Eddy reports that the term narcissism was used by Eric Fromm, a psychiatrist in the United States who immigrated from Hitler’s Germany in the 1930s. Fromm identified two types of narcissism, “benign narcissism” and “malignant narcissism.” The emergence of Trump onto the political stage has been wrought with his behavior as narcissistic. Can a diagnosis of malignant narcissism be associated with Trump. Fromm writes:
It is a madness that tends to grow in the lifetime of the afflicted person. The more he tries to be a god, the more he isolates himself from the human race; this isolation makes him more frightened, everybody becomes his enemy, and in order to stand the resulting fright he has to increase his power, his ruthlessness, and his narcissism.

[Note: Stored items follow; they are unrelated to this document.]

section \<open>Central binomial coefficients\<close>

lemma central_binomial_Suc:
  "Suc k * ((2 * Suc k) choose Suc k) = 2 * (2 * k + 1) * ((2 * k) choose k)"
proof -
  have "(2 * Suc k) choose Suc k = (Suc (2 * k) choose k) + (Suc (2 * k) choose Suc k)"
    by simp
  also have "Suc (2 * k) choose k = Suc (2 * k) choose Suc k"
    using binomial_symmetric[of "Suc k" "Suc (2 * k)"] by simp
  finally have "Suc k * ((2 * Suc k) choose Suc k) = 2 * (Suc k * (Suc (2 * k) choose Suc k))"
    by simp
  then show ?thesis
    by (simp only: Suc_times_binomial) simp
qed

lemma central_binomial_sq_le: "((2 * k) choose k)^2 * (2 * k + 1) \<le> 16 ^ k"
proof (induction k)
  case (Suc k)
  define b where "b = (2 * k) choose k"
  define b' where "b' = (2 * Suc k) choose Suc k"
  have "(Suc k)^2 * (b'^2 * (2 * Suc k + 1)) = (Suc k * b')^2 * (2 * k + 3)"
    by (simp add: power2_eq_square algebra_simps)
  also have "\<dots> = 4 * ((2 * k + 1) * (2 * k + 3)) * (b^2 * (2 * k + 1))"
    unfolding b_def b'_def central_binomial_Suc by (simp add: power2_eq_square algebra_simps)
  also have "\<dots> \<le> 4 * (2 * k + 2)^2 * 16 ^ k"
    using Suc.IH unfolding b_def by (intro mult_mono) (auto simp: power2_eq_square algebra_simps)
  also have "\<dots> = (Suc k)^2 * 16 ^ Suc k"
    by (simp add: power2_eq_square algebra_simps)
  finally show ?case
    unfolding b'_def by simp
qed simp

lemma central_binomial_sq_mult_le: "(d choose (d div 2))^2 * d \<le> 4 ^ d"
proof (cases "even d")
  case True
  then obtain k where "d = 2 * k" by blast
  then show ?thesis
    using central_binomial_sq_le[of k] by (simp add: power_mult)
next
  case False
  then obtain k where d: "d = 2 * k + 1" using oddE by blast
  define c where "c = d choose (d div 2)"
  have "(2 * Suc k) choose Suc k = 2 * c"
    unfolding c_def using d central_binomial_odd[of d] by simp
  then have "(2 * c)^2 * (2 * Suc k + 1) \<le> 16 ^ Suc k"
    using central_binomial_sq_le[of "Suc k"] by simp
  moreover have "(16::nat) ^ Suc k = 4 * 4 ^ d"
    using d by (simp add: power_mult)
  moreover have "4 * (c^2 * d) \<le> 4 * (c^2 * (2 * k + 3))"
    using d by (intro mult_le_mono2) simp
  moreover have "(2 * c)^2 * (2 * Suc k + 1) = 4 * (c^2 * (2 * k + 3))"
    by (simp add: power_mult_distrib algebra_simps)
  ultimately show ?thesis
    unfolding c_def by linarith
qed

section \<open>Hamming distance between sets\<close>

abbreviation hamming_dist :: "'a set \<Rightarrow> 'a set \<Rightarrow> nat" where
  "hamming_dist X Y \<equiv> card (sym_diff X Y)"
section \<open>Lower bounds for the Hessian form\<close>

lemma hessian_form_ge_if_pair_bound:
  fixes r x :: "nat \<Rightarrow> real"
  assumes rpos: "\<And>k. k < K \<Longrightarrow> r k > 0" and sx: "(\<Sum>k<K. x k) = 0"
    and pair: "\<And>P N. P \<subseteq> {..<K} \<Longrightarrow> N \<subseteq> {..<K} \<Longrightarrow> P \<inter> N = {} \<Longrightarrow> P \<noteq> {} \<Longrightarrow> N \<noteq> {} \<Longrightarrow>
        4 * c \<le> 1 / (\<Sum>k\<in>P. r k powr (2 - a)) + 1 / (\<Sum>k\<in>N. r k powr (2 - a))"
  shows "c * (norm1 K x)\<^sup>2 \<le> hessian_form K a r x"
proof -
  define P where "P = {k\<in>{..<K}. 0 < x k}"
  define N where "N = {k\<in>{..<K}. x k < 0}"
  define v where "v k = r k powr (2 - a)" for k
  define s where "s = (\<Sum>k\<in>P. x k)"
  have PN: "P \<subseteq> {..<K}" "N \<subseteq> {..<K}" "P \<inter> N = {}" by (auto simp: P_def N_def)
  have split: "(\<Sum>k<K. f k) = (\<Sum>k\<in>P. f k) + (\<Sum>k\<in>N. f k)"
    if "\<And>k. x k = 0 \<Longrightarrow> f k = 0" for f :: "nat \<Rightarrow> real"
    unfolding P_def N_def using that by (rule sum_lessThan_split_sign)
  have sN: "(\<Sum>k\<in>N. x k) = - s" using split[of x] sx by (simp add: s_def)
  have "norm1 K x = (\<Sum>k\<in>P. x k) - (\<Sum>k\<in>N. x k)"
    unfolding norm1_def by (subst split) (simp_all add: P_def N_def sum_negf[symmetric])
  then have norm: "norm1 K x = 2 * s" using sN by (simp add: s_def)
  have hess: "hessian_form K a r x = (\<Sum>k\<in>P. (x k)\<^sup>2 / v k) + (\<Sum>k\<in>N. (x k)\<^sup>2 / v k)"
  proof -
    have "hessian_form K a r x = (\<Sum>k<K. (x k)\<^sup>2 / v k)"
      unfolding hessian_form_def v_def using rpos
      by (intro sum.cong) (simp_all add: divide_inverse powr_minus[symmetric])
    then show ?thesis by (simp add: split)
  qed
  have vpos: "v k > 0" if "k < K" for k using rpos[OF that] by (simp add: v_def)
  show ?thesis
  proof (cases "P = {} \<or> N = {}")
    case True
    then have "s = 0" using sN by (auto simp: s_def)
    moreover have "0 \<le> hessian_form K a r x" unfolding hessian_form_def by (intro sum_nonneg) simp
    ultimately show ?thesis using norm by simp
  next
    case False
    have sum_v_pos: "(\<Sum>k\<in>P. v k) > 0" "(\<Sum>k\<in>N. v k) > 0"
      using False PN vpos by (auto intro!: sum_pos simp: P_def N_def)
    have "c * (norm1 K x)\<^sup>2 = s\<^sup>2 * (4 * c)" by (simp add: norm power2_eq_square)
    also have "\<dots> \<le> s\<^sup>2 * (1 / (\<Sum>k\<in>P. v k) + 1 / (\<Sum>k\<in>N. v k))"
      using pair[OF PN] False by (intro mult_left_mono) (simp_all add: v_def)
    also have "\<dots> = (\<Sum>k\<in>P. x k)\<^sup>2 / (\<Sum>k\<in>P. v k) + (\<Sum>k\<in>N. x k)\<^sup>2 / (\<Sum>k\<in>N. v k)"
      by (simp add: s_def sN field_simps)
    also have "\<dots> \<le> hessian_form K a r x"
      unfolding hess using PN vpos sum_v_pos
      by (intro add_mono Cauchy_Schwarz_ineq_sum_div) auto
    finally show ?thesis .
  qed
qed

Eric From, The Heart of Man: Its Genius for Good and Evil (Riverdale, NY: American Mental Health Foundation; First published by Harper and Row, Publishers, New York, 1964), loc. 989 of 2243, Kindle.

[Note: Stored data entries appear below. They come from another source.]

lemma integral_mult_clipped_regression_le:
  fixes C :: "((real^'n) \<times> real) measure"
  assumes C: "copula_measure C" and K: "markov_kernel_of C K" and p: "1 \<le> p"
    and h: "h \<in> borel_measurable borel" "\<And>x. \<bar>h x\<bar> \<le> 1"
    and \<phi>: "\<phi> \<in> borel_measurable borel" "\<And>x. 0 \<le> \<phi> x \<and> \<phi> x \<le> 1"
    and c: "0 \<le> c1" "0 \<le> c2"
    and Young: "\<And>x w. h x * w \<le> c1 * \<phi> x + c2 * \<bar>2*w\<bar> powr p"
  shows "(\<integral> x. h x * (clipped_regression K x - 1/2) \<partial>marg_first C)
       \<le> c1 * (\<integral> x. \<phi> x \<partial>marg_first C) + c2 * (1/(p+1))"
proof -
  have sets_C: "sets C = sets borel" and "prob_space C"
    using C by (simp_all add: copula_measure_def)
  then have "finite_measure C" by (simp add: prob_space_def)
  note integrable = integrable_bounded_borel[OF this sets_C]
  have [measurable]: "h \<in> borel_measurable borel" "\<phi> \<in> borel_measurable borel"
    using h(1) \<phi>(1) .
  have clip_powr_le: "\<bar>2 * clip01 y - 1\<bar> powr p \<le> 1" for y
    using clip01_bounds[of y] p by (intro powr_le1) auto
  have "\<bar>h x * (clip01 y - 1/2)\<bar> \<le> 1" for x y
    using h(2)[of x] clip01_bounds[of y] by (auto simp: abs_mult intro: mult_le_one)
  then have lhs: "integrable C (\<lambda>z. h (fst z) * (clip01 (snd z) - 1/2))"
    by (intro integrable[where B=1]) (auto simp: borel_prod[symmetric])
  have int_\<phi>: "integrable C (\<lambda>z. \<phi> (fst z))"
    using \<phi>(2) by (intro integrable[where B=1]) (auto simp: borel_prod[symmetric] abs_le_iff)
  have int_clip: "integrable C (\<lambda>z. \<bar>2 * clip01 (snd z) - 1\<bar> powr p)"
    using clip_powr_le by (intro integrable[where B=1]) (auto simp: borel_prod[symmetric])
  have "(\<integral> x. h x * (clipped_regression K x - 1/2) \<partial>marg_first C)
      = (\<integral> z. h (fst z) * (clip01 (snd z) - 1/2) \<partial>C)"
    by (rule integral_mult_clipped_regression_disintegration[OF C K h])
  also have "\<dots> \<le> (\<integral> z. c1 * \<phi> (fst z) + c2 * \<bar>2 * clip01 (snd z) - 1\<bar> powr p \<partial>C)"
    using Young[of "fst _" "clip01 (snd _) - 1/2"] lhs int_\<phi> int_clip
    by (intro integral_mono) (auto simp: algebra_simps)
  also have "\<dots> = c1 * (\<integral> z. \<phi> (fst z) \<partial>C) + c2 * (\<integral> z. \<bar>2 * clip01 (snd z) - 1\<bar> powr p \<partial>C)"
    using int_\<phi> int_clip by simp
  also have "(\<integral> z. \<phi> (fst z) \<partial>C) = (\<integral> x. \<phi> x \<partial>marg_first C)"
    unfolding marg_first_def using sets_C
    by (intro integral_distr[symmetric]) (auto simp: measurable_cong_sets[OF sets_C refl] borel_prod[symmetric])
  also have "(\<integral> z. \<bar>2 * clip01 (snd z) - 1\<bar> powr p \<partial>C) = 1/(p+1)"
    using p by (intro integral_copula_abs_powr_clip01_snd[OF C]) simp
  finally show ?thesis .
qed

You’ll have to decide for yourself. In Eddy’s paper, he cites John Gartner, Ph.D., psychologist at Johns Hopkins University Medical School, who says Trump is a malignant narcissist. Gartner suggests several aspects of Trump’s character that would support a diagnosis of malignant narcissism.4
- He knows more about everything than anyone.
- He has empathy for no one but himself.
- Paranoia—demonization of the press, minorities, immigrants, and anyone else who disagrees with him.

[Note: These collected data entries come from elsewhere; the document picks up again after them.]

(* Let $0\le\lambda<\gamma\le\delta$ and let $\mathfrak{f}=\mathfrak{s}+\overline{\mathfrak{t}}\in\mathcal{R}_H^0(\gamma,\delta,\lambda)$. Let $$pc(r)=(-\delta-2\gamma+\lambda)r^3+(3\delta+6\gamma-3\lambda)r^2+(-3\delta-7\gamma+4\lambda)r+\delta+\gamma.$$ Then $pc(r)=0$ has a unique real root $r_c$ in $(0,1)$, and $\mathfrak{f}$ is fully convex in $|z|<r_c$.
   Context: Let $\mathcal{U}=\{z\in\mathbb{C}:|z|<1\}$. $\mathcal{H}^0$ denotes the class of complex-valued harmonic functions $\mathfrak{f}=\mathfrak{s}+\overline{\mathfrak{t}}$ on $\mathcal{U}$, where $\mathfrak{s}(z)=z+\sum_{m\ge2}a_mz^m$ and $\mathfrak{t}(z)=\sum_{m\ge2}b_mz^m$ are analytic in $\mathcal{U}$. For real $0\le\lambda<\gamma\le\delta$, $\mathcal{R}_H^0(\gamma,\delta,\lambda)$ is the class of $\mathfrak{f}=\mathfrak{s}+\overline{\mathfrak{t}}\in\mathcal{H}^0$ such that for all $z\in\mathcal{U}$, $\mathrm{Re}\left[\gamma\mathfrak{s}'(z)+\delta z\mathfrak{s}''(z)+\frac{\delta-\gamma}{2}z^2\mathfrak{s}'''(z)-\lambda\right]>\left|\gamma\mathfrak{t}'(z)+\delta z\mathfrak{t}''(z)+\frac{\delta-\gamma}{2}z^2\mathfrak{t}'''(z)\right|$. A harmonic function $\mathfrak{f}$ is fully convex in the disk $|z|<R$ if it maps every circle $|z|=\rho$, $0<\rho<R$, in a one-to-one manner onto a convex curve (equivalently, for each $0<r<R$ the function $\mathfrak{f}(rz)/r$ maps every circle $|z|=\rho<1$ one-to-one onto a convex curve). *)

theory Defs
  imports "HOL-Complex_Analysis.Complex_Analysis"
begin

definition H0 :: "(complex \<Rightarrow> complex) \<Rightarrow> (complex \<Rightarrow> complex) \<Rightarrow> bool" where
  "H0 s t \<longleftrightarrow> s holomorphic_on ball 0 1 \<and> t holomorphic_on ball 0 1 \<and>
     s 0 = 0 \<and> deriv s 0 = 1 \<and> t 0 = 0 \<and> deriv t 0 = 0"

- Sociopathy—one who constantly lie, violate norms and laws, exploits others and shows no remorse.
- Sadism—he takes gleeful pleasure in harming and humiliating other people—his cyberbullying is next to no one.
The media knows these things about Trump, yet they act as if they don’t match reality. The day after the auto union strike, NBC asked Trump about the automaker’s strike. Firstly, why does NBC even ask Trump about the strike? He’s only going to lie and present unfounded fabrications.
Then, on Sunday’s Meet the Press, Kristen Welker asked Trump about going to prison, abortion, the Russian-Ukrainian War. In each case, we didn’t learn anything new. All that was accomplished was what was accomplished on CNN’s town hall. Nothing but time for the bully to spread his lies. Letting Trump have the coveted airtime provided by NBC’s Meet the Press is a travesty of journalism.
References
- Margaret Sullivan, With democracy on the ballot, the mainstream press must change its ways, The Guardian, September 15, 2023.
- Bill Eddy, Malignant Narcissism: Does the President Really Have It, Psychology Today, March 12, 2019.
- Charlie Savage, The four Trump criminal cases: Strengths and weaknesses, The New York Times, News Analysis, August 28, 2023.